This article was originally written here by Catherine Borg on June 21, 2017.
UMBC’s Margaret Re will develop the exhibition and catalog for A Designed Life: American Textiles, Wallpapers, Containers and Packaging (1951-52) through support from a new $30,000 Art Works grant from the National Endowment for the Arts.
Re, an associate professor of visual arts who teaches design, is both the exhibition curator and principal investigator of A Designed Life, which is based on three historically significant traveling exhibitions of contemporary mass-produced, American-designed consumer goods that were commissioned by the U.S. Department of State in the early 1950s. It recreates and interprets those early Cold War exhibitions—including American textiles, wallpapers, containers, and packaging—restating and interpreting part of each display as it might have appeared in the early 1950s.
The three historical exhibitions—Contemporary American Textiles designed by Florence Knoll; Contemporary American Wallpapers designed by Tom Lee, and Containers and Packaging designed by Will Burtin—were each developed as collections of industry-specific consumer goods, designed and manufactured in the spirit of American modernism. The Traveling Exhibition Service (TES), an organization later known as the Smithsonian Institution Traveling Exhibition Service, organized these exhibitions for display in post-WWII Germany and France on behalf of the U.S. Department of State in order to help promote the grown of democratic governments within postwar Europe.
UMBC’s Center for Art, Design and Visual Culture (CADVC) will exhibit A Designed Life September 13 – December 8, 2018. Symmes Gardner, executive director of the CADVC, notes that the exhibition “will be a first for the CADVC investigating decorative arts. The exhibition will foster a unique and timely interdisciplinary dialogue encompassing design, history and political science that is in keeping with the CADVC’s mission to build connections between visual culture and the society at large.”

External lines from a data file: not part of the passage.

lemma abs_integral_minus_cylinder_sum_le:
  assumes N: "finite_measure N" "measure N (space N) \<le> 1" "sets N = sets Vinf_space"
    and f: "continuous_Vinf f" "\<And>v. \<bar>f v\<bar> \<le> B"
    and approx: "\<And>v. \<bar>f v - cylinder_step f k v\<bar> \<le> e"
  shows "\<bar>integral\<^sup>L N f - (\<Sum>u | length u = k. f (pad u) * measure N (cylinder u))\<bar> \<le> e"
proof -
  have meas: "borel_measurable N = borel_measurable Vinf_space"
    by (rule measurable_cong_sets[OF N(3) refl])
  have "integrable N f"
    using f(2) borel_measurable_continuous_Vinf[OF f(1)]
    by (intro finite_measure.integrable_const_bound[OF N(1), of _ B]) (simp_all add: meas)
  moreover have "integrable N (cylinder_step f k)"
    using f(2) by (intro finite_measure.integrable_const_bound[OF N(1), of _ B])
      (simp_all add: meas cylinder_step_eq)
  ultimately have "\<bar>integral\<^sup>L N f - integral\<^sup>L N (cylinder_step f k)\<bar> \<le> e"
    using approx by (rule abs_integral_diff_le[OF N(1,2)])
  then show ?thesis
    by (simp add: integral_cylinder_step[OF N(1,3)])
qed

lemma weak_conv_Vinf_if_measure_cylinder_tendsto:
  assumes sets: "\<And>n. sets (M n) = sets Vinf_space" and fin: "\<And>n. finite_measure (M n)"
    and le1: "\<And>n. measure (M n) (space (M n)) \<le> 1"
    and \<mu>: "prob_measure_Vinf \<mu>"
    and lim: "\<And>u. (\<lambda>n. measure (M n) (cylinder u)) \<longlonglongrightarrow> measure \<mu> (cylinder u)"
  shows "weak_conv_Vinf M \<mu>"
  unfolding weak_conv_Vinf_def
proof (intro allI impI, elim conjE exE)
  fix f :: "iword \<Rightarrow> real" and B
  assume f: "continuous_Vinf f" "\<forall>v. \<bar>f v\<bar> \<le> B"
  have \<mu>_fin: "finite_measure \<mu>" "measure \<mu> (space \<mu>) \<le> 1" "sets \<mu> = sets Vinf_space"
    using \<mu> prob_space.finite_measure prob_space.prob_space[of \<mu>]
    by (auto simp: prob_measure_Vinf_def)
  show "(\<lambda>n. integral\<^sup>L (M n) f) \<longlonglongrightarrow> integral\<^sup>L \<mu> f"
    unfolding tendsto_iff dist_real_def
  proof (intro allI impI)
    fix r :: real
    assume "r > 0"
    then have "r / 3 > 0"
      by simp
    then obtain k where "\<And>k' v. k \<le> k' \<Longrightarrow> \<bar>f v - cylinder_step f k' v\<bar> < r / 3"
      using continuous_Vinf_uniform_approx[OF f(1) \<open>r / 3 > 0\<close>] by blast
    then have k: "\<And>v. \<bar>f v - cylinder_step f k v\<bar> \<le> r / 3"
      by (simp add: less_imp_le)
    define S where "S N = (\<Sum>u | length u = k. f (pad u) * measure N (cylinder u))" for N
    have close: "\<bar>integral\<^sup>L N f - S N\<bar> \<le> r / 3"
      if "finite_measure N" "measure N (space N) \<le> 1" "sets N = sets Vinf_space" for N
      unfolding S_def using that f k by (intro abs_integral_minus_cylinder_sum_le) auto
    have "(\<lambda>n. S (M n)) \<longlonglongrightarrow> S \<mu>"
      unfolding S_def by (intro tendsto_sum tendsto_mult tendsto_const lim)
    then have "\<forall>\<^sub>F n in sequentially. \<bar>S (M n) - S \<mu>\<bar> < r / 3"
      using \<open>r / 3 > 0\<close> unfolding tendsto_iff dist_real_def by blast
    then show "\<forall>\<^sub>F n in sequentially. \<bar>integral\<^sup>L (M n) f - integral\<^sup>L \<mu> f\<bar> < r"
    proof (rule eventually_mono)
      fix n
      assume "\<bar>S (M n) - S \<mu>\<bar> < r / 3"
      with close[OF fin[of n] le1[of n] sets[of n]] close[OF \<mu>_fin]
      show "\<bar>integral\<^sup>L (M n) f - integral\<^sup>L \<mu> f\<bar> < r"
        unfolding abs_le_iff abs_less_iff by linarith
    qed
  qed
qed

section \<open>Measures with prescribed cylinder masses\<close>

lemma measurable_walk:
  assumes "\<And>l. (\<lambda>\<omega>. g \<omega> l) \<in> M \<rightarrow>\<^sub>M count_space UNIV"
  shows "(\<lambda>\<omega>. walk (g \<omega>) k) \<in> M \<rightarrow>\<^sub>M count_space UNIV"
proof (induction k)
  case (Suc k)
  have "(\<lambda>\<omega>. l @ [g \<omega> l]) \<in> M \<rightarrow>\<^sub>M count_space UNIV" for l
    by (rule measurable_compose[OF assms]) simp
  then have "(\<lambda>\<omega>. walk (g \<omega>) k @ [g \<omega> (walk (g \<omega>) k)]) \<in> M \<rightarrow>\<^sub>M count_space UNIV"
    by (rule measurable_compose_countable[OF _ Suc])
  then show ?case
    by simp
qed simp

lemma measurable_walk_limit:
  assumes "\<And>l. (\<lambda>\<omega>. g \<omega> l) \<in> M \<rightarrow>\<^sub>M count_space UNIV"
  shows "(\<lambda>\<omega>. walk_limit (g \<omega>)) \<in> M \<rightarrow>\<^sub>M Vinf_space"
  unfolding Vinf_space_def
proof (rule measurable_PiM_single')
  fix i
  show "(\<lambda>\<omega>. walk_limit (g \<omega>) i) \<in> M \<rightarrow>\<^sub>M count_space UNIV"
    unfolding walk_limit_def by (rule measurable_compose_countable[OF assms measurable_walk[OF assms]])
qed (simp add: space_PiM)
(* Let $m\ge1$ be an integer and write $s_n=s_n^{(m+1,m+2)}$. Then for all $n\ge0$, \[ s_n^2=\delta_{n,0}+s_{n-m-1}^2+s_{n-m-2}^2+2\sum_{l=2m+3}^n P_{l-2m-3}^{\{-2,m-1,m\}}s_{n-l}^2 . \]
   Context: For positive integers $p<q$, $s_n^{(p,q)}$ is defined by $s_n^{(p,q)}=\delta_{0,n}+s_{n-p}^{(p,q)}+s_{n-q}^{(p,q)}$ for $n\ge0$ and $s_n^{(p,q)}=0$ for $n<0$. $\delta_{i,j}$ is $1$ if $i=j$ and $0$ otherwise. For a finite set $W$ of integers, $P_n^W$ is the number of permutations $\pi$ of $\{1,\dots,n\}$ with $\pi(i)-i\in W$ for all $i$ (the permanent of the $n\times n$ $(0,1)$ Toeplitz matrix whose $(i,j)$ entry is $1$ iff $j-i\in W$), with $P_0^W=1$. Empty sums are $0$. *)

theory Defs
  imports Main "HOL-Combinatorics.Permutations"
begin

function sseq :: "nat \<Rightarrow> nat \<Rightarrow> int \<Rightarrow> nat" where
  "sseq p q n = (if n < 0 \<or> p = 0 \<or> q = 0 then 0
     else (if n = 0 then 1 else 0) + sseq p q (n - int p) + sseq p q (n - int q))"
  by pat_completeness auto
termination
  by (relation "measure (\<lambda>(p, q, n). nat (n + 1))") auto

definition Pperm :: "int set \<Rightarrow> nat \<Rightarrow> nat" where
  "Pperm W n = card {\<pi>. \<pi> permutes {1..n} \<and> (\<forall>i\<in>{1..n}. int (\<pi> i) - int i \<in> W)}"

end

theory Submission
  imports Defs
begin

(*
  Write s = s^(p,p+1). Expanding the factor with the smaller index by the recurrence turns a
  product s_(N-x) s_(N-y) with x < y <= x + p into a square (if y = x + p) and products of the same
  kind for the pairs (y, x + p) and (y, x + p + 1). Unrolling, s_(N-x) s_(N-y) is a sum of squares
  s_(N-T-p-1)^2, one for each strictly increasing list x, y, ..., T, T + 1 in which every entry
  exceeds the entry two places before it by p or p + 1; chain_count counts these lists.

  For p = m + 1, the lists starting with 1, 2 and ending with n + 1, n + 2 are in bijection with
  the permutations counted by P_n^{-2,m-1,m}: apart from n + 1 and n + 2, the entries are the
  points i with pi(i) <> i - 2, and each is sent to the entry two places later, minus 2. The
  theorem is the squared recurrence, whose cross term 2 s_(n-m-1) s_(n-m-2) is expanded this way
  and shifted from the start (m + 1, m + 2) to (1, 2).
*)

lemma sseq_negative: "n < 0 \<Longrightarrow> sseq p q n = 0"
  by (subst sseq.simps) simp

lemma sseq_unfold: "0 \<le> n \<Longrightarrow> 0 < p \<Longrightarrow> 0 < q \<Longrightarrow>
  sseq p q n = (if n = 0 then 1 else 0) + sseq p q (n - int p) + sseq p q (n - int q)"
  by (subst sseq.simps) simp

lemma sseq_square_unfold:
  assumes "0 < p" "0 < q"
  shows "(sseq p q (int n))^2 = (if n = 0 then 1 else 0)
    + (sseq p q (int n - int p))^2 + (sseq p q (int n - int q))^2
    + 2 * (sseq p q (int n - int p) * sseq p q (int n - int q))"
proof -
  have "n = 0 \<Longrightarrow> sseq p q (int n - int p) = 0 \<and> sseq p q (int n - int q) = 0"
    using assms by (simp add: sseq_negative)
  then show ?thesis
    using sseq_unfold[of "int n" p q] assms
    by (cases "n = 0") (simp_all add: power2_eq_square algebra_simps)
qed

declare sseq.simps [simp del]

function chain_count :: "nat \<Rightarrow> nat \<Rightarrow> nat \<Rightarrow> nat \<Rightarrow> nat \<Rightarrow> nat" where
  "chain_count p q x y T = (if y \<le> x \<or> T < x then 0 else
     (if x = T \<and> y = T + 1 then 1 else 0)
     + (if y < x + p then chain_count p q y (x + p) T else 0)
     + (if y < x + q then chain_count p q y (x + q) T else 0))"
  by pat_completeness auto
termination
  by (relation "measure (\<lambda>(p, q, x, y, T). T + 1 - x)") auto

declare chain_count.simps [simp del]

lemma chain_count_eq_0: "T < x \<Longrightarrow> chain_count p q x y T = 0"
  by (subst chain_count.simps) simp
lemma on_wall_sphere_extend_north:
  assumes s: "upper_shape t v" and N: "has_north v" and m: "1 \<le> m"
    and p: "\<bar>x\<bar> + \<bar>y\<bar> = t" "y > 0 \<or> (y = 0 \<and> x < 0)" and wl: "on_wall (extend_upper t m v) (x, y)"
  shows "(x, y) \<in> new_upper_wall t m v \<or> upper_wall_at t v (x, y)"
  using on_wall_sphere_upper[OF p wl]
proof
  note w = extend_upper_north[OF N m, of t]
  assume "x < 0 \<and> x = y - t \<and> y \<ge> 0 \<and> west (extend_upper t m v) y = t \<and>
    \<not> west_capped (extend_upper t m v) y"
  then show ?thesis
    using w N upper_shapeD_north(1)[OF s N] by (auto simp: upper_wall_at_def west_capped_def)
next
  note w = extend_upper_north[OF N m, of t]
  assume A: "has_north (extend_upper t m v) \<and> x \<ge> 0 \<and> y > 0 \<and> y = t - x \<and>
    north (extend_upper t m v) x = t"
  consider "x < top_col v" | "top_col v \<le> x" "x < top_col v + m" | "x \<ge> top_col v + m" by linarith
  then show ?thesis
  proof cases
    case 1
    then show ?thesis using A w N by (simp add: upper_wall_at_def)
  next
    case 2
    then show ?thesis using A N m unfolding new_upper_wall_def sphere_ne_def by auto
  next
    case 3
    then show ?thesis using A w m by simp
  qed
qed
lemma plane_translate_subset:
  assumes c: "crossing g h C" and O': "O' \<in> plane A g h"
  shows "plane A g h \<subseteq> plane A (parl A O' g) (parl A O' h)"
proof
  have g: "g \<in> lns A" "C \<in> g" and h: "h \<in> lns A" "C \<in> h"
    using c unfolding crossing_def by auto
  have O'p: "O' \<in> pts A" using O' plane_pts by auto
  obtain v where v: "v \<in> parl A O' g" "v \<in> h" using plane_parl_meets[OF c O'] by auto
  have vp: "v \<in> pts A" using v h line_subset by auto
  fix w assume w: "w \<in> plane A g h"
  obtain u where wp: "w \<in> pts A" and u: "u \<in> parl A w h" "u \<in> g" using w by (rule planeE)
  have up: "u \<in> pts A" using u g line_subset by auto
  have e1: "parl A w (parl A O' h) = parl A u h" using parl_parl[OF O'p h(1) wp] parl_eq[OF wp h(1) u(1)] by auto
  have e2: "parl A O' g = parl A v g" using parl_eq[OF O'p g(1) v(1)] by auto
  have "parl A w (parl A O' h) \<inter> parl A O' g \<noteq> {}" using parl_lines_meet[OF c u(2) v(2)] e1 e2 by auto
  then show "w \<in> plane A (parl A O' g) (parl A O' h)" using wp unfolding plane_def by auto
qed

lemma plane_translate:
  assumes c: "crossing g h C" and O': "O' \<in> plane A g h"
  shows "plane A g h = plane A (parl A O' g) (parl A O' h)"
proof
  show "plane A g h \<subseteq> plane A (parl A O' g) (parl A O' h)" using plane_translate_subset[OF c O'] .
  have g: "g \<in> lns A" "C \<in> g" and h: "h \<in> lns A" "C \<in> h"
    using c unfolding crossing_def by auto
  have O: "C \<in> pts A" using c crossing_centre by auto
  have O'p: "O' \<in> pts A" using O' plane_pts by auto
  have c': "crossing (parl A O' g) (parl A O' h) O'" using crossing_parl[OF c O'p] .
  have e1: "parl A C (parl A O' g) = g" using parl_parl[OF O'p g(1) O] parl_self g by auto
  have e2: "parl A C (parl A O' h) = h" using parl_parl[OF O'p h(1) O] parl_self h by auto
  have "parl A O' g \<inter> h \<noteq> {}" using plane_parl_meets[OF c O'] .
  then have "C \<in> plane A (parl A O' g) (parl A O' h)" using e2 O unfolding plane_def by auto
  from plane_translate_subset[OF c' this] e1 e2
  show "plane A (parl A O' g) (parl A O' h) \<subseteq> plane A g h" by simp
qed

text \<open>Closure under joins, first through the centre and then in general (using the
  translation invariance).  For a line CW with W off g and h, the parallels to h
  through its points all meet g, by the triangle axiom for W, C and the foot of W.\<close>

lemma plane_join_centre:
  assumes c: "crossing g h C" and W: "W \<in> plane A g h" and WC: "W \<noteq> C"
  shows "join A C W \<subseteq> plane A g h"
proof -
  have g: "g \<in> lns A" "C \<in> g" and h: "h \<in> lns A" "C \<in> h"
    using c unfolding crossing_def by auto
  have C: "C \<in> pts A" using c crossing_centre by auto
  have Wp: "W \<in> pts A" using W plane_pts by auto
  have CW: "join A C W \<in> lns A" "C \<in> join A C W" "W \<in> join A C W" using join[OF C Wp] WC by auto
  consider "W \<in> g" | "W \<in> h" | "W \<notin> g" "W \<notin> h" by blast
  then show ?thesis
  proof cases
    case 1
    then show ?thesis using join_unique g WC line1_in_plane[OF c] by auto
  next
    case 2
    then show ?thesis using join_unique h WC line2_in_plane[OF c] by auto
  next
    case 3
    obtain u where u: "u \<in> g" "u \<noteq> W" "join A W u = parl A W h" "u \<noteq> C"
      using plane_foot[OF c W 3(1)] 3(2) by metis
    have up: "u \<in> pts A" using u g line_subset by auto
    have u_off: "u \<notin> join A W C" using join_off_line[OF g(1,2) u(1) u(4)[symmetric] Wp 3(1)] .
    show ?thesis
    proof
      fix x assume x: "x \<in> join A C W"
      have xp: "x \<in> pts A" using x CW line_subset by auto
      show "x \<in> plane A g h"
      proof (cases "x = C")
        case True
        then show ?thesis using line1_in_plane[OF c] g by auto
      next
        case xC: False
        have "join A x C = join A C W" "join A W C = join A C W"
          using join_unique[OF CW(1) x CW(2) xC] join_sym[OF Wp C] WC by auto
        then have "par A (join A x C) (join A W C)" using par_refl CW by auto
        then have "parl A x (join A W u) \<inter> parl A C (join A C u) \<noteq> {}"
          using triangle[OF Wp C up xp C WC u_off xC] by auto
        moreover have "parl A x (join A W u) = parl A x h" using u(3) parl_parl[OF Wp h(1) xp] by auto
        moreover have "parl A C (join A C u) = g" using join_unique g u parl_self by auto
        ultimately show ?thesis using xp unfolding plane_def by auto
      qed
    qed
  qed
qed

This new NEA-supported exhibition project is the result of extensive research by Re, who first came across a drawing of the Knoll-designed textile exhibit at the Archives of American Art in Washington D.C., before rediscovering the other two design exhibits. Over several years she continued her research through the National Archives and Records Administration, Smithsonian Institution Archives, Carey Graphic Arts Collection at the Rochester Institute of Technology, Berlin’s Bauhaus Archives, and the Document Library in Kassel, Germany. Re received support from a $30,000 Coby Foundation grant, UMBC’s START fund for new directions in faculty research, the Dresher Center for the Humanities scholars program, a CIRCA Summer Faculty Research Fellowship, and a grant from the Kunststiftung des Landes Sachsen-Anhalt to complete the work of developing the project.
The project includes several important partners. Morgan State University’s School of Architecture and Urban Planning will build the recreated traveling exhibition components, led by Adam Bridge. A team from The Johns Hopkins Graduate Program in Museum Studies led by Karen Wizevich and Deborah Howes will help develop visitor knowledge of, interest in, and reaction to the topics found within this exhibition, as well as public outreach.
Re is excited for the potential of the exhibit to help audiences explore the U.S. Department of State’s decision in the early 1950s “to connect consumer choice with political choice as well as the reception of European audiences to such cultural diplomacy in the post WWII years.”
Some scholarship exists chronicling the outcome of Department of State-sponsored art exhibits used in a similar capacity as soft power to promote American culture, such as exhibits of Abstract Expressionist painting. However, Re notes, “design exhibitions sent abroad that presented examples of consumer goods billed as readily available to American citizens are largely undocumented, especially those coordinated by the Smithsonian Institution and the Department of State.”
A Designed Life, Re explains, “makes evident the political potential of design to connect people, their activities, experiences, needs and desires, and shape attitudes as it broadens insight into design’s relevance as a tool for diplomacy.”
Public programming, including lectures and the publication of a catalog, will accompany the exhibition at UMBC in the fall of 2018.